### WHAT TO DO
The records below must be duplicated exactly, character for character.

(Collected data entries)
[Start of Attachment]
lemma orthogonal_tangent_iff:
  assumes V0: "orth n V0" and L: "skew n L" "diag_blocks_zero n d nk L"
    and X: "skew n X" "diag_blocks_zero n d nk X" and X1: "skew n X1" "diag_blocks_zero n d nk X1"
  defines "A k \<equiv> conj_deriv n L (comm n X (Jmat n d nk k)) (comm n X1 (Jmat n d nk k))"
  shows "(\<forall>u\<in>tangent n d nk (conj_tup n d V0 (Jmat n d nk)).
            tinner n d (tup d (\<lambda>k. mconj n V0 (A k))) u = 0)
    \<longleftrightarrow> X1 = mscale (1/2) (offdiag n d nk (comm n X L))" (is "?orthogonal \<longleftrightarrow> _")
proof -
  have diff: "A (blk n d nk a) a b - A (blk n d nk b) a b = 2 * comm n X L a b - 4 * X1 a b"
    if "a < n" "b < n" "blk n d nk a \<noteq> blk n d nk b" for a b
    unfolding A_def by (rule conj_deriv_comm_Jmat_block_diff[OF L X(2) that])
  have "?orthogonal \<longleftrightarrow> (\<forall>a<n. \<forall>b<n. blk n d nk a \<noteq> blk n d nk b \<longrightarrow> X1 a b = 1/2 * comm n X L a b)"
  proof (intro iffI allI impI ballI)
    fix a b
    assume ?orthogonal and a: "a < n" and b: "b < n" and ab: "blk n d nk a \<noteq> blk n d nk b"
    have "A (blk n d nk a) a b + A (blk n d nk a) b a = A (blk n d nk b) a b + A (blk n d nk b) b a"
      using blocks_agree_sym_if_orthogonal_tangent[OF V0 _ a b ab] \<open>?orthogonal\<close> by blast
    then show "X1 a b = 1/2 * comm n X L a b"
      using diff[OF a b ab] diff[OF b a ab[symmetric]] skew_apply[OF X1(1), of b a]
        skew_apply[OF skew_comm[OF X(1) L(1)], of b a] by linarith
  next
    fix u
    assume "\<forall>a<n. \<forall>b<n. blk n d nk a \<noteq> blk n d nk b \<longrightarrow> X1 a b = 1/2 * comm n X L a b"
      and u: "u \<in> tangent n d nk (conj_tup n d V0 (Jmat n d nk))"
    then show "tinner n d (tup d (\<lambda>k. mconj n V0 (A k))) u = 0"
      using diff by (intro orthogonal_tangent_if_blocks_agree[OF V0 _ u]) fastforce
  qed
  also have "\<dots> \<longleftrightarrow> X1 = mscale (1/2) (offdiag n d nk (comm n X L))"
    using X1 skew_comm[OF X(1) L(1)] by (intro eq_mscale_offdiag_iff[symmetric]) (auto simp: skew_def)
  finally show ?thesis .
qed

lemma parallel_along_iff:
  assumes c: "\<And>t. c t \<in> Flag n d nk" and Y': "\<And>t. tup_deriv Y (Y' t) t"
  shows "parallel_along n d nk c Y \<longleftrightarrow> (\<forall>t. \<forall>u\<in>tangent n d nk (c t). tinner n d (Y' t) u = 0)"
proof -
  have tzero: "tzero \<in> tangent n d nk (c t)" for t
    using c unfolding tangent_def by (auto intro!: exI[of _ "\<lambda>s. c t"] simp: tup_deriv_def tzero_def)
  have tdiff_tzero: "tdiff v tzero = v" for v
    by (simp add: tdiff_def tzero_def)
  have "(\<exists>Z. tup_deriv Y Z t \<and> P Z) \<longleftrightarrow> P (Y' t)" for P t
    using Y' tup_deriv_unique by blast
  then show ?thesis
    by (simp add: parallel_along_def is_orth_proj_def tdiff_tzero tzero)
qed

theorem propositionB2:
  fixes n d :: nat and nk :: "nat \<Rightarrow> nat"
    and V V' X X' :: "real \<Rightarrow> rmat"
  assumes d_pos: "1 \<le> d"
    and nk_first: "0 < nk 1"
    and nk_mono: "\<forall>k. 1 \<le> k \<and> k < d \<longrightarrow> nk k < nk (Suc k)"
    and nk_last: "nk d < n"
    and V_orth: "\<forall>t. orth n (V t)"
    and V_deriv: "\<forall>t. mat_deriv V (V' t) t"
    and Lambda_blocks: "\<forall>t. diag_blocks_zero n d nk (mmul n (mtr (V t)) (V' t))"
    and X_skew: "\<forall>t. skew n (X t)"
    and X_deriv: "\<forall>t. mat_deriv X (X' t) t"
    and X_blocks: "\<forall>t. diag_blocks_zero n d nk (X t)"
  shows "parallel_along n d nk
           (\<lambda>t. conj_tup n d (V t) (Jmat n d nk))
           (\<lambda>t. conj_tup n d (V t) (\<lambda>k. comm n (X t) (Jmat n d nk k)))
         \<longleftrightarrow> (\<forall>t. X' t = mscale (1/2)
                 (offdiag n d nk (comm n (X t) (mmul n (mtr (V t)) (V' t)))))"
proof -
  let ?J = "Jmat n d nk"
  define L where "L t = mmul n (mtr (V t)) (V' t)" for t
  have flag: "conj_tup n d (V t) ?J \<in> Flag n d nk" for t
    using V_orth by (auto simp: Flag_def)
  have "is_mat n (V' t)" for t
    using V_deriv V_orth by (metis mat_deriv_is_mat orth_is_mat)
  then have Y_deriv: "tup_deriv (\<lambda>t. conj_tup n d (V t) (\<lambda>k. comm n (X t) (?J k)))
      (tup d (\<lambda>k. mconj n (V t) (conj_deriv n (L t) (comm n (X t) (?J k)) (comm n (X' t) (?J k))))) t" for t
    unfolding conj_tup_mconj L_def
    by (intro tup_deriv_tup mat_deriv_mconj mat_deriv_comm V_orth[rule_format] V_deriv[rule_format]
        X_deriv[rule_format])
  have L: "skew n (L t)" "diag_blocks_zero n d nk (L t)" for t
    using orth_deriv_skew V_orth V_deriv Lambda_blocks by (simp_all add: L_def)
  have X': "skew n (X' t)" "diag_blocks_zero n d nk (X' t)" for t
    using X_deriv X_skew X_blocks by (metis mat_deriv_skew mat_deriv_diag_blocks_zero)+
  show ?thesis
    unfolding parallel_along_iff[OF flag Y_deriv] L_def[symmetric]
    using orthogonal_tangent_iff[OF V_orth[rule_format] L X_skew[rule_format] X_blocks[rule_format] X']
    by simp
qed

end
[End of Attachment]
### YOUR RESPONSE
lemma orthogonal_tangent_iff:
  assumes V0: "orth n V0" and L: "skew n L" "diag_blocks_zero n d nk L"
    and X: "skew n X" "diag_blocks_zero n d nk X" and X1: "skew n X1" "diag_blocks_zero n d nk X1"
  defines "A k \<equiv> conj_deriv n L (comm n X (Jmat n d nk k)) (comm n X1 (Jmat n d nk k))"
  shows "(\<forall>u\<in>tangent n d nk (conj_tup n d V0 (Jmat n d nk)).
            tinner n d (tup d (\<lambda>k. mconj n V0 (A k))) u = 0)
    \<longleftrightarrow> X1 = mscale (1/2) (offdiag n d nk (comm n X L))" (is "?orthogonal \<longleftrightarrow> _")
proof -
  have diff: "A (blk n d nk a) a b - A (blk n d nk b) a b = 2 * comm n X L a b - 4 * X1 a b"
    if "a < n" "b < n" "blk n d nk a \<noteq> blk n d nk b" for a b
    unfolding A_def by (rule conj_deriv_comm_Jmat_block_diff[OF L X(2) that])
  have "?orthogonal \<longleftrightarrow> (\<forall>a<n. \<forall>b<n. blk n d nk a \<noteq> blk n d nk b \<longrightarrow> X1 a b = 1/2 * comm n X L a b)"
  proof (intro iffI allI impI ballI)
    fix a b
    assume ?orthogonal and a: "a < n" and b: "b < n" and ab: "blk n d nk a \<noteq> blk n d nk b"
    have "A (blk n d nk a) a b + A (blk n d nk a) b a = A (blk n d nk b) a b + A (blk n d nk b) b a"
      using blocks_agree_sym_if_orthogonal_tangent[OF V0 _ a b ab] \<open>?orthogonal\<close> by blast
    then show "X1 a b = 1/2 * comm n X L a b"
      using diff[OF a b ab] diff[OF b a ab[symmetric]] skew_apply[OF X1(1), of b a]
        skew_apply[OF skew_comm[OF X(1) L(1)], of b a] by linarith
  next
    fix u
    assume "\<forall>a<n. \<forall>b<n. blk n d nk a \<noteq> blk n d nk b \<longrightarrow> X1 a b = 1/2 * comm n X L a b"
      and u: "u \<in> tangent n d nk (conj_tup n d V0 (Jmat n d nk))"
    then show "tinner n d (tup d (\<lambda>k. mconj n V0 (A k))) u = 0"
      using diff by (intro orthogonal_tangent_if_blocks_agree[OF V0 _ u]) fastforce
  qed
  also have "\<dots> \<longleftrightarrow> X1 = mscale (1/2) (offdiag n d nk (comm n X L))"
    using X1 skew_comm[OF X(1) L(1)] by (intro eq_mscale_offdiag_iff[symmetric]) (auto simp: skew_def)
  finally show ?thesis .
qed

lemma parallel_along_iff:
  assumes c: "\<And>t. c t \<in> Flag n d nk" and Y': "\<And>t. tup_deriv Y (Y' t) t"
  shows "parallel_along n d nk c Y \<longleftrightarrow> (\<forall>t. \<forall>u\<in>tangent n d nk (c t). tinner n d (Y' t) u = 0)"
proof -
  have tzero: "tzero \<in> tangent n d nk (c t)" for t
    using c unfolding tangent_def by (auto intro!: exI[of _ "\<lambda>s. c t"] simp: tup_deriv_def tzero_def)
  have tdiff_tzero: "tdiff v tzero = v" for v
    by (simp add: tdiff_def tzero_def)
  have "(\<exists>Z. tup_deriv Y Z t \<and> P Z) \<longleftrightarrow> P (Y' t)" for P t
    using Y' tup_deriv_unique by blast
  then show ?thesis
    by (simp add: parallel_along_def is_orth_proj_def tdiff_tzero tzero)
qed

theorem propositionB2:
  fixes n d :: nat and nk :: "nat \<Rightarrow> nat"
    and V V' X X' :: "real \<Rightarrow> rmat"
  assumes d_pos: "1 \<le> d"
    and nk_first: "0 < nk 1"
    and nk_mono: "\<forall>k. 1 \<le> k \<and> k < d \<longrightarrow> nk k < nk (Suc k)"
    and nk_last: "nk d < n"
    and V_orth: "\<forall>t. orth n (V t)"
    and V_deriv: "\<forall>t. mat_deriv V (V' t) t"
    and Lambda_blocks: "\<forall>t. diag_blocks_zero n d nk (mmul n (mtr (V t)) (V' t))"
    and X_skew: "\<forall>t. skew n (X t)"
    and X_deriv: "\<forall>t. mat_deriv X (X' t) t"
    and X_blocks: "\<forall>t. diag_blocks_zero n d nk (X t)"
  shows "parallel_along n d nk
           (\<lambda>t. conj_tup n d (V t) (Jmat n d nk))
           (\<lambda>t. conj_tup n d (V t) (\<lambda>k. comm n (X t) (Jmat n d nk k)))
         \<longleftrightarrow> (\<forall>t. X' t = mscale (1/2)
                 (offdiag n d nk (comm n (X t) (mmul n (mtr (V t)) (V' t)))))"
proof -
  let ?J = "Jmat n d nk"
  define L where "L t = mmul n (mtr (V t)) (V' t)" for t
  have flag: "conj_tup n d (V t) ?J \<in> Flag n d nk" for t
    using V_orth by (auto simp: Flag_def)
  have "is_mat n (V' t)" for t
    using V_deriv V_orth by (metis mat_deriv_is_mat orth_is_mat)
  then have Y_deriv: "tup_deriv (\<lambda>t. conj_tup n d (V t) (\<lambda>k. comm n (X t) (?J k)))
      (tup d (\<lambda>k. mconj n (V t) (conj_deriv n (L t) (comm n (X t) (?J k)) (comm n (X' t) (?J k))))) t" for t
    unfolding conj_tup_mconj L_def
    by (intro tup_deriv_tup mat_deriv_mconj mat_deriv_comm V_orth[rule_format] V_deriv[rule_format]
        X_deriv[rule_format])
  have L: "skew n (L t)" "diag_blocks_zero n d nk (L t)" for t
    using orth_deriv_skew V_orth V_deriv Lambda_blocks by (simp_all add: L_def)
  have X': "skew n (X' t)" "diag_blocks_zero n d nk (X' t)" for t
    using X_deriv X_skew X_blocks by (metis mat_deriv_skew mat_deriv_diag_blocks_zero)+
  show ?thesis
    unfolding parallel_along_iff[OF flag Y_deriv] L_def[symmetric]
    using orthogonal_tangent_iff[OF V_orth[rule_format] L X_skew[rule_format] X_blocks[rule_format] X']
    by simp
qed

end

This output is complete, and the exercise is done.